Simple Gaussian Constraints
---------------------------
Simple gaussian parameter constraints can be defined by parameter name like this:

.. code-block:: yaml

    parameter_constraints:
      a:
        value: 10.0
        uncertainty: 0.001    # a = 10.0+-0.001
      b:
        value: 0.6
        uncertainty: 0.006
        relative: true        # Make constraint uncertainty relative to value, b = 0.6+-0.6%

The same can also be done with a list and the name keyword:

.. code-block:: yaml

    parameter_constraints:
        - name: a
          value: 10.0
          uncertainty: 0.001    # a = 10.0+-0.001
        - name: b
          value: 0.6
          uncertainty: 0.006
          relative: true        # Make constraint uncertainty relative to value, b = 0.6+-0.6%

Matrix Gaussian Constraints
---------------------------
Matrix constraints can only be specified using the list format since they constrain multiple
parameters, possibly making the first format ambiguous.
Inside a list element, the type can be set with the ``type: matrix`` keyword and a covariance
matrix can be given via the ``matrix`` keyword like this:

.. code-block:: yaml

    parameter_constraints:
      - type: matrix
        names: [a, b]
        values: [1.3, 2.5]
        matrix: [[1.1, 0.1], [0.1, 2.4]]
      - type: simple
        name: c
        value: 5.2
        uncertainty: 0.001

Here ``type: simple`` can be omitted, as a simple gaussian constraint is assumed when no type
is given.

A covariance matrix is assumed by default for matrix constraints.
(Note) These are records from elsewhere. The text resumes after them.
lemma vandermonde_inv_ext_drop_nth:
  assumes d: "distinct lam" and l: "l < length lam" and j: "j < length lam - 1"
  shows "(lam ! insert_index l j - lam ! l) * vandermonde_inv_ext lam (insert_index l j) k
    = vandermonde_inv_ext (drop_nth l lam) j (k - 1)
      - lam ! l * vandermonde_inv_ext (drop_nth l lam) j k"
proof (cases "0 \<le> k \<and> k < int (length lam)")
  case False
  then show ?thesis using l by (auto simp: vandermonde_inv_ext_def)
next
  case True
  define q where "q = nat k"
  have q: "k = int q" "q < length lam" using True by (auto simp: q_def)
  let ?n = "length lam" and ?lam' = "drop_nth l lam" and ?s = "insert_index l j"
  define a where "a = vandermonde_inv_ext ?lam' j"
  define c where "c i = a (int i - 1) - lam ! l * a (int i)" for i
  have n: "?n = Suc (length ?lam')" using l by simp
  have s: "?s < ?n" "?s \<noteq> l" using bij_betw_apply[OF bij_betw_insert_index[OF l]] j by auto
  have poly_c: "(\<Sum>i<?n. c i * x ^ i)
      = (x - lam ! l) * (\<Sum>i<length ?lam'. vandermonde_inv ?lam' $$ (j, i) * x ^ i)" for x
    unfolding n c_def
    by (subst sum_shift_times_linear) (simp_all add: a_def vandermonde_inv_ext_def)
  have nodes: "(\<Sum>i<?n. c i * (lam ! m) ^ i) = (if m = ?s then lam ! m - lam ! l else 0)"
    if m: "m < ?n" for m
  proof (cases "m = l")
    case True
    then show ?thesis using poly_c s by simp
  next
    case False
    have "m \<in> insert_index l ` {..<?n - 1}"
      unfolding bij_betw_imp_surj_on[OF bij_betw_insert_index[OF l]] using m False by simp
    then obtain m' where m': "m' < ?n - 1" "m = insert_index l m'" by auto
    have "(m = ?s) = (m' = j)"
      unfolding m'(2) by (rule inj_on_eq_iff[OF insert_index_inj_on[of _ UNIV]]) simp_all
    with m' show ?thesis
      using poly_c sum_vandermonde_inv_powers[of ?lam' j m'] distinct_drop_nth[OF d] j l
      by (simp add: nth_drop_nth)
  qed
  have "c q = (\<Sum>m<?n. (\<Sum>i<?n. c i * (lam ! m) ^ i) * vandermonde_inv lam $$ (m, q))"
    by (rule coeff_eq_sum_vandermonde_inv[OF d q(2)])
  also have "\<dots> = (\<Sum>m<?n. if m = ?s then (lam ! m - lam ! l) * vandermonde_inv lam $$ (m, q) else 0)"
    by (rule sum.cong) (simp_all add: nodes)
  also have "\<dots> = (lam ! ?s - lam ! l) * vandermonde_inv lam $$ (?s, q)"
    using s by simp
  finally show ?thesis using q by (simp add: c_def a_def vandermonde_inv_ext_def)
qed

lemma vbasis_drop_nth_eq_sum:
  assumes d: "distinct lam" and l: "l < length lam"
  shows "vbasis (k - 1) (drop_nth l lam) t - lam ! l * vbasis k (drop_nth l lam) t
    = (\<Sum>j<length lam.
         (lam ! j - lam ! l) * exp (lam ! j * complex_of_real t) * vandermonde_inv_ext lam j k)"
proof -
  let ?n = "length lam" and ?lam' = "drop_nth l lam"
  define g where "g j = (lam ! j - lam ! l) * exp (lam ! j * complex_of_real t) * vandermonde_inv_ext lam j k"
    for j
  have "vbasis (k - 1) ?lam' t - lam ! l * vbasis k ?lam' t
      = (\<Sum>j<?n - 1. exp (?lam' ! j * complex_of_real t)
           * (vandermonde_inv_ext ?lam' j (k - 1) - lam ! l * vandermonde_inv_ext ?lam' j k))"
    using l by (simp add: vbasis_eq_sum sum_distrib_left sum_subtractf[symmetric] algebra_simps)
  also have "\<dots> = (\<Sum>j<?n - 1. g (insert_index l j))"
    by (rule sum.cong) (simp_all add: g_def nth_drop_nth l vandermonde_inv_ext_drop_nth[OF d l])
  also have "\<dots> = sum g ({..<?n} - {l})"
    by (rule sum.reindex_bij_betw[OF bij_betw_insert_index[OF l]])
  also have "\<dots> = sum g {..<?n}"
    by (rule sum.mono_neutral_left) (simp_all add: g_def)
  finally show ?thesis unfolding g_def .
qed

lemma has_vector_derivative_vbasis:
  "((\<lambda>s. vbasis k mu s) has_vector_derivative
      (\<Sum>j<length mu. mu ! j * exp (mu ! j * complex_of_real t) * vandermonde_inv_ext mu j k)) (at t)"
proof -
  have "((\<lambda>s. exp (c * complex_of_real s)) has_vector_derivative c * exp (c * complex_of_real t)) (at t)"
    for c :: complex
    using exp_scaleR_has_vector_derivative_right[of c t]
    by (simp add: scaleR_conv_of_real mult.commute)
  then show ?thesis
    unfolding vbasis_eq_sum by (intro has_vector_derivative_sum has_vector_derivative_mult_left)
qed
Correlation matrices are
supported as well. The matrix type can be set via the ``matrix_type`` keyword.
Only ``matrix_type: cov`` for covariance matrices and ``matrix_type: cor`` for correlation matrices
are supported.

Fixing and limiting parameters
==============================
Fixing and limiting parameters is just as simple as the following example.
Please use the parameter names as they are defined inside the model function
(see: :ref:`kafe2go_model_function`).

.. code-block:: yaml

    fixed_parameters:
      a: 1
      b: 11.5
    limited_parameters:
      c: [0.0, 1.0]
      d: [-5, 5]
      e: [0.0, null]

Note that a limited parameter needs two arguments: a lower and an upper limit.
The first value of the list is the lower limit and the second value is the upper limit.
For a one-sided limit simply set the argument for the side that you don't want to limit to ``null``.
For technical reasons parameter limits are *inclusive*, meaning that the specified bounds are
included in the range of allowed parameter values.
For example, in the above configuration the parameter *e* is limited to non-negative numbers and
*can* become 0 during the fit.
If the final fit result is close to or at the parameter limits, the limits should be reassessed,
as the final minimum of the cost function might be a local minimum for the given limits.